Bellman Optimality Equation
For the optimal state–action value function $q^*$, the Bellman equation contains the $\max$ operator, making the equation nonlinear. As a result, it cannot be solved in closed-form by matrix inversion. In this case, we also have to rely on iterative methods to approximate the optimal solution.

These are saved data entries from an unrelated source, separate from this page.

lemma xor_family_stars_cover:
  assumes C: "xor_family I n k C" and I: "finite I" "even (card I)" "I \<noteq> {}"
    and k: "0 < k" and S: "S \<in> C"
  shows "C \<subseteq> (\<Union>j\<in>I. \<Union>a\<in>S j. {x\<in>C. a \<in> x j})"
proof
  fix x assume x: "x \<in> C"
  have "\<exists>j\<in>I. x j \<inter> S j \<noteq> {}"
  proof (cases "x = S")
    case True
    obtain j where "j \<in> I" using I(3) by blast
    moreover have "card (S j) = k"
      using C S \<open>j \<in> I\<close> unfolding xor_family_def kneser_vertices_def by auto
    ultimately show ?thesis
      using True k by (metis Int_absorb card.empty less_irrefl)
  next
    case False
    let ?D = "{i\<in>I. kneser_adj (x i) (S i)}"
    have "odd (card ?D)"
      using C S x False unfolding xor_family_def by blast
    then have "?D \<noteq> I"
      using I(2) by auto
    then show ?thesis
      unfolding kneser_adj_def by blast
  qed
  then show "x \<in> (\<Union>j\<in>I. \<Union>a\<in>S j. {x\<in>C. a \<in> x j})"
    using x by blast
qed

lemma xor_family_even_step:
  assumes C: "xor_family I n k C" and I: "finite I" "even (card I)" "I \<noteq> {}"
    and k: "0 < k"
    and bound: "\<And>j D. j \<in> I \<Longrightarrow> xor_family (I - {j}) n k D \<Longrightarrow> k * card D \<le> B"
  shows "card C \<le> card I * B"
proof (cases "C = {}")
  case False
  then obtain S where S: "S \<in> C" by blast
  have S_vert: "finite (S j) \<and> card (S j) = k" if "j \<in> I" for j
    using C S that unfolding xor_family_def kneser_vertices_def by (auto intro: finite_subset)
  have star_sum: "(\<Sum>a\<in>S j. card {x\<in>C. a \<in> x j}) \<le> B" if j: "j \<in> I" for j
  proof -
    have "k * (\<Sum>a\<in>S j. card {x\<in>C. a \<in> x j}) \<le> k * B"
      using sum_bounded_above[of "S j" "\<lambda>a. k * card {x\<in>C. a \<in> x j}" B]
        bound[OF j xor_family_star[OF C]] S_vert[OF j] by (simp add: sum_distrib_left)
    then show ?thesis
      using k by simp
  qed
  have "finite C"
    using C unfolding xor_family_def by blast
  moreover have "(\<Union>j\<in>I. \<Union>a\<in>S j. {x\<in>C. a \<in> x j}) \<subseteq> C"
    by blast
  ultimately have "card C \<le> card (\<Union>j\<in>I. \<Union>a\<in>S j. {x\<in>C. a \<in> x j})"
    by (intro card_mono xor_family_stars_cover[OF C I k S]) (rule finite_subset)
  also have "\<dots> \<le> (\<Sum>j\<in>I. card (\<Union>a\<in>S j. {x\<in>C. a \<in> x j}))"
    by (rule card_UN_le[OF I(1)])
  also have "\<dots> \<le> (\<Sum>j\<in>I. \<Sum>a\<in>S j. card {x\<in>C. a \<in> x j})"
    using S_vert by (intro sum_mono card_UN_le) blast
  also have "\<dots> \<le> card I * B"
    using sum_bounded_above[of I _ B] star_sum by simp
  finally show ?thesis .
qed simp

lemma xor_family_card_le_even:
  assumes k: "0 < k"
  shows "finite I \<Longrightarrow> card I = 2 * m \<Longrightarrow> xor_family I n k C \<Longrightarrow>
    card C \<le> 2 ^ m * fact m * n ^ m"
proof (induction m arbitrary: I C)
  case 0
  then show ?case
    using card_le_1_if_xor_family_empty by simp
next
  case (Suc m)
  have odd_bound: "k * card D \<le> 2 ^ m * fact m * n ^ Suc m"
    if j: "j \<in> I" and D: "xor_family (I - {j}) n k D" for j D
  proof -
    have card_I_j: "card (I - {j}) = Suc (2 * m)"
      using Suc.prems(1,2) j by simp
    then have "I - {j} \<noteq> {}"
      by (metis card.empty nat.distinct(1))
    then obtain j' where j': "j' \<in> I - {j}"
      by blast
    have rest: "finite (I - {j} - {j'})" "card (I - {j} - {j'}) = 2 * m"
      using Suc.prems(1) card_I_j j' by simp_all
    have "card E \<le> 2 ^ m * fact m * n ^ m" if "xor_family (I - {j} - {j'}) n k E" for E
      by (rule Suc.IH[OF rest that])
    then have "k * card D \<le> n * (2 ^ m * fact m * n ^ m)"
      by (rule xor_family_odd_step[OF D j'])
    then show ?thesis
      by (simp add: mult_ac)
  qed
  have "card C \<le> card I * (2 ^ m * fact m * n ^ Suc m)"
  proof (rule xor_family_even_step[OF Suc.prems(3,1) _ _ k odd_bound])
    show "even (card I)" "I \<noteq> {}"
      using Suc.prems(2) by auto
  qed
  also have "\<dots> = 2 ^ Suc m * fact (Suc m) * n ^ Suc m"
    unfolding Suc.prems(2) by (simp only: power_Suc fact_Suc of_nat_id mult_ac)
  finally show ?case .
qed

lemma xor_family_card_le_odd:
  assumes k: "0 < k" and I: "finite I" "card I = 2 * m + 1" and C: "xor_family I n k C"
  shows "k * card C \<le> 2 ^ m * fact m * n ^ (m + 1)"
proof -
  obtain j where j: "j \<in> I"
    using I(2) by fastforce
  have "card (I - {j}) = 2 * m"
    using I j by simp
  then have "card D \<le> 2 ^ m * fact m * n ^ m" if "xor_family (I - {j}) n k D" for D
    using I(1) by (intro xor_family_card_le_even[OF k _ _ that]) simp_all
  then have "k * card C \<le> n * (2 ^ m * fact m * n ^ m)"
    by (rule xor_family_odd_step[OF C j])
  then show ?thesis
    by (simp add: mult_ac)
qed

lemma xor_kneser_clique_card_le:
  assumes C: "is_xor_kneser_clique l n k C" and k: "0 < k"
  shows "card C \<le> 2 ^ (l div 2) * fact (l div 2) * n ^ ((l + 1) div 2)"
proof (cases "even l")
  case True
  then show ?thesis
    using xor_family_card_le_even[OF k, of "{0..<l}" "l div 2"] xor_family_of_clique[OF C] by simp
next
  case False
  then have "card C \<le> k * card C"
    using k by simp
  also have "\<dots> \<le> 2 ^ (l div 2) * fact (l div 2) * n ^ (l div 2 + 1)"
    using False xor_family_of_clique[OF C] by (intro xor_family_card_le_odd[OF k]) auto
  finally show ?thesis
    using False by simp
qed

lemma finite_xor_kneser_clique_cards: "finite {card C | C. is_xor_kneser_clique l n k C}"
proof (rule finite_subset)
  show "{card C | C. is_xor_kneser_clique l n k C} \<subseteq> {..card (xor_kneser_vertices l n k)}"
    unfolding is_xor_kneser_clique_def using finite_xor_kneser_vertices by (auto intro: card_mono)
qed simp

lemma card_le_f_xor:
  assumes "is_xor_kneser_clique l n k C"
  shows "card C \<le> f_xor l n k"
  unfolding f_xor_def using assms by (intro Max_ge finite_xor_kneser_clique_cards) blast

lemma f_xor_le:
  assumes "\<And>C. is_xor_kneser_clique l n k C \<Longrightarrow> card C \<le> B"
  shows "f_xor l n k \<le> B"
proof -
  have "is_xor_kneser_clique l n k {}"
    unfolding is_xor_kneser_clique_def by simp
  then show ?thesis
    unfolding f_xor_def using assms finite_xor_kneser_clique_cards
    by (subst Max_le_iff) auto
qed

lemma not_xor_kneser_adj_self:
  assumes "x \<in> xor_kneser_vertices l n k" "0 < k"
  shows "\<not> xor_kneser_adj l x x"
proof -
  have "card (x i) = k" if "i \<in> {0..<l}" for i
    using assms(1) that unfolding xor_kneser_vertices_def kneser_vertices_def by (auto simp: PiE_iff)
  then have "{i\<in>{0..<l}. kneser_adj (x i) (x i)} = {}"
    using assms(2) unfolding kneser_adj_def by force
  then show ?thesis
    unfolding xor_kneser_adj_def by (simp only: card.empty) simp
qed

lemma xor_kneser_clique_image:
  assumes k: "0 < k" and vert: "\<And>v. v \<in> V \<Longrightarrow> \<phi> v \<in> xor_kneser_vertices l n k"
    and adj: "\<And>v w. v \<in> V \<Longrightarrow> w \<in> V \<Longrightarrow> v \<noteq> w \<Longrightarrow> xor_kneser_adj l (\<phi> v) (\<phi> w)"
  shows "is_xor_kneser_clique l n k (\<phi> ` V) \<and> card (\<phi> ` V) = card V"
proof
  show "is_xor_kneser_clique l n k (\<phi> ` V)"
    unfolding is_xor_kneser_clique_def using vert adj by fastforce
  have "inj_on \<phi> V"
    using adj not_xor_kneser_adj_self[OF vert k] by (metis inj_onI)
  then show "card (\<phi> ` V) = card V"
    by (rule card_image)
qed

definition block_transversal :: "nat \<Rightarrow> nat \<Rightarrow> (nat \<Rightarrow> nat) \<Rightarrow> nat set" where
  "block_transversal q k c = (\<lambda>s. s * q + c s) ` {0..<k}"

lemma mult_add_eq_mult_add_iff:
  fixes a b q :: nat
  assumes "a < q" "b < q"
  shows "s * q + a = s' * q + b \<longleftrightarrow> s = s' \<and> a = b"
proof
  assume eq: "s * q + a = s' * q + b"
  have "s = s'"
    using arg_cong[OF eq, of "\<lambda>m. m div q"] assms by simp
  with eq show "s = s' \<and> a = b"
    by simp
qed auto

lemma block_transversal_in_kneser_vertices:
  assumes c: "\<And>s. s < k \<Longrightarrow> c s < q" and "q * k \<le> n"
  shows "block_transversal q k c \<in> kneser_vertices n k"
proof -
  have "s * q + c s < n" if "s < k" for s
  proof -
    have "s * q + c s < (s + 1) * q"
      using c[OF that] by simp
    also have "\<dots> \<le> k * q"
      using that by (intro mult_le_mono1) simp
    finally show ?thesis
      using \<open>q * k \<le> n\<close> by (simp add: mult.commute)
  qed
  moreover have "inj_on (\<lambda>s. s * q + c s) {0..<k}"
    using c mult_add_eq_mult_add_iff by (auto intro: inj_onI)
  ultimately show ?thesis
    unfolding block_transversal_def kneser_vertices_def by (auto simp: card_image)
qed

lemma block_transversal_disjoint_iff:
  assumes "\<And>s. s < k \<Longrightarrow> c s < q" "\<And>s. s < k \<Longrightarrow> c' s < q"
  shows "block_transversal q k c \<inter> block_transversal q k c' = {} \<longleftrightarrow> (\<forall>s<k. c s \<noteq> c' s)"
proof -
  have "block_transversal q k c \<inter> block_transversal q k c' = {} \<longleftrightarrow>
      (\<forall>s<k. \<forall>s'<k. s * q + c s \<noteq> s' * q + c' s')"
    unfolding block_transversal_def by fastforce
  also have "\<dots> \<longleftrightarrow> (\<forall>s<k. c s \<noteq> c' s)"
  proof -
    have "s * q + c s \<noteq> s' * q + c' s' \<longleftrightarrow> s \<noteq> s' \<or> c s \<noteq> c' s'" if "s < k" "s' < k" for s s'
      using mult_add_eq_mult_add_iff[of "c s" q "c' s'" s s'] assms that by blast
    then show ?thesis
      by auto
  qed
  finally show ?thesis .
qed

definition subset_transversal :: "nat \<Rightarrow> nat \<Rightarrow> nat set \<Rightarrow> (nat \<Rightarrow> nat) \<Rightarrow> nat set" where
  "subset_transversal q k U v = block_transversal q k (\<lambda>s. v (if s \<in> U then s else Min U))"

lemma subset_transversal_in_kneser_vertices:
  assumes "finite U" "U \<noteq> {}" "\<forall>r\<in>U. v r < q" "q * k \<le> n"
  shows "subset_transversal q k U v \<in> kneser_vertices n k"
  unfolding subset_transversal_def using assms Min_in by (intro block_transversal_in_kneser_vertices) auto

lemma subset_transversal_disjoint_iff:
  assumes U: "U \<subseteq> {0..<k}" "U \<noteq> {}" and vw: "\<forall>r\<in>U. v r < q" "\<forall>r\<in>U. w r < q"
  shows "subset_transversal q k U v \<inter> subset_transversal q k U w = {} \<longleftrightarrow> (\<forall>r\<in>U. v r \<noteq> w r)"
proof -
  let ?g = "\<lambda>s. if s \<in> U then s else Min U"
  have "finite U"
    using U(1) finite_subset by blast
  then have g: "?g ` {0..<k} = U"
    using U Min_in by force
  have "subset_transversal q k U v \<inter> subset_transversal q k U w = {} \<longleftrightarrow>
      (\<forall>s<k. v (?g s) \<noteq> w (?g s))"
    unfolding subset_transversal_def using vw g by (intro block_transversal_disjoint_iff) auto
  also have "\<dots> \<longleftrightarrow> (\<forall>r\<in>?g ` {0..<k}. v r \<noteq> w r)"
    by auto
  finally show ?thesis
    unfolding g .
qed

lemma card_nonempty_subsets_preimage:
  assumes h: "bij_betw h A (Pow T - {{}})" and D: "D \<subseteq> T" "finite T"
  shows "card {i\<in>A. h i \<subseteq> D} = 2 ^ card D - 1"
proof -
  have "inj_on h {i\<in>A. h i \<subseteq> D}"
    using h unfolding bij_betw_def by (auto intro: inj_on_subset)
  moreover have "h ` {i\<in>A. h i \<subseteq> D} = {U \<in> h ` A. U \<subseteq> D}"
    by blast
  moreover have "{U \<in> h ` A. U \<subseteq> D} = Pow D - {{}}"
    using bij_betw_imp_surj_on[OF h] D(1) by blast
  ultimately have "card {i\<in>A. h i \<subseteq> D} = card (Pow D - {{}})"
    by (metis card_image)
  also have "\<dots> = 2 ^ card D - 1"
    using finite_subset[OF D] by (simp add: card_Diff_singleton card_Pow)
  finally show ?thesis .
qed

definition transversal_tuple ::
    "nat \<Rightarrow> nat \<Rightarrow> nat \<Rightarrow> (nat \<Rightarrow> nat set) \<Rightarrow> (nat \<Rightarrow> nat) \<Rightarrow> nat \<Rightarrow> nat set" where
  "transversal_tuple l q k h v =
     (\<lambda>i\<in>{0..<l}. if h i = {} then {0..<k} else subset_transversal q k (h i) v)"

lemma transversal_tuple_in_xor_kneser_vertices:
  assumes h: "\<And>i. h i \<subseteq> {0..<t}" and v: "v \<in> {0..<t} \<rightarrow>\<^sub>E {0..<q}"
    and "q * k \<le> n" "k \<le> n"
  shows "transversal_tuple l q k h v \<in> xor_kneser_vertices l n k"
proof -
  have "subset_transversal q k (h i) v \<in> kneser_vertices n k" if "h i \<noteq> {}" for i
    using h[of i] v that assms(3) finite_subset[OF h]
    by (intro subset_transversal_in_kneser_vertices) (auto simp: PiE_iff)
  moreover have "{0..<k} \<in> kneser_vertices n k"
    using \<open>k \<le> n\<close> unfolding kneser_vertices_def by simp
  ultimately show ?thesis
    unfolding xor_kneser_vertices_def transversal_tuple_def by simp
qed

lemma kneser_adj_transversal_tuple_iff:
  assumes "i < l" "h i \<subseteq> {0..<k}" "0 < k"
    and "\<forall>r\<in>h i. v r < q" "\<forall>r\<in>h i. w r < q"
  shows "kneser_adj (transversal_tuple l q k h v i) (transversal_tuple l q k h w i) \<longleftrightarrow>
    h i \<noteq> {} \<and> (\<forall>r\<in>h i. v r \<noteq> w r)"
proof (cases "h i = {}")
  case False
  then show ?thesis
    using subset_transversal_disjoint_iff[OF assms(2) False assms(4,5)] assms(1)
    unfolding transversal_tuple_def kneser_adj_def by simp
next
  case True
  then show ?thesis
    using assms(1,3) unfolding transversal_tuple_def kneser_adj_def by auto
qed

Therefore, when introducing "how to solve Bellman equations," we mainly focus on state value functions $v$; for control problems, whether it is $v^*$ or $q^*$, we ultimately need to use iteration-based algorithms, such as value iteration, policy iteration, and their corresponding methods in $q$-space.
Preview: Policy Iteration And Value Iteration¶
Because:
| Equation | Linear? | Can matrix inverse? |
|---|---|---|
| Bellman Expectation | ✅ Yes | Theoretically possible (but very costly) |
| Bellman Optimality | ❌ (max) | Impossible |
Therefore, we must use iterative algorithms to solve control and prediction problems.
- Policy Iteration
- Policy Evaluation (solve Bellman Expectation)
- Policy Improvement (greedy with respect to value)
- Value Iteration
- Directly iterates on the Bellman Optimality equation
Essentially, both are different forms of iterative backup for the Bellman Equation.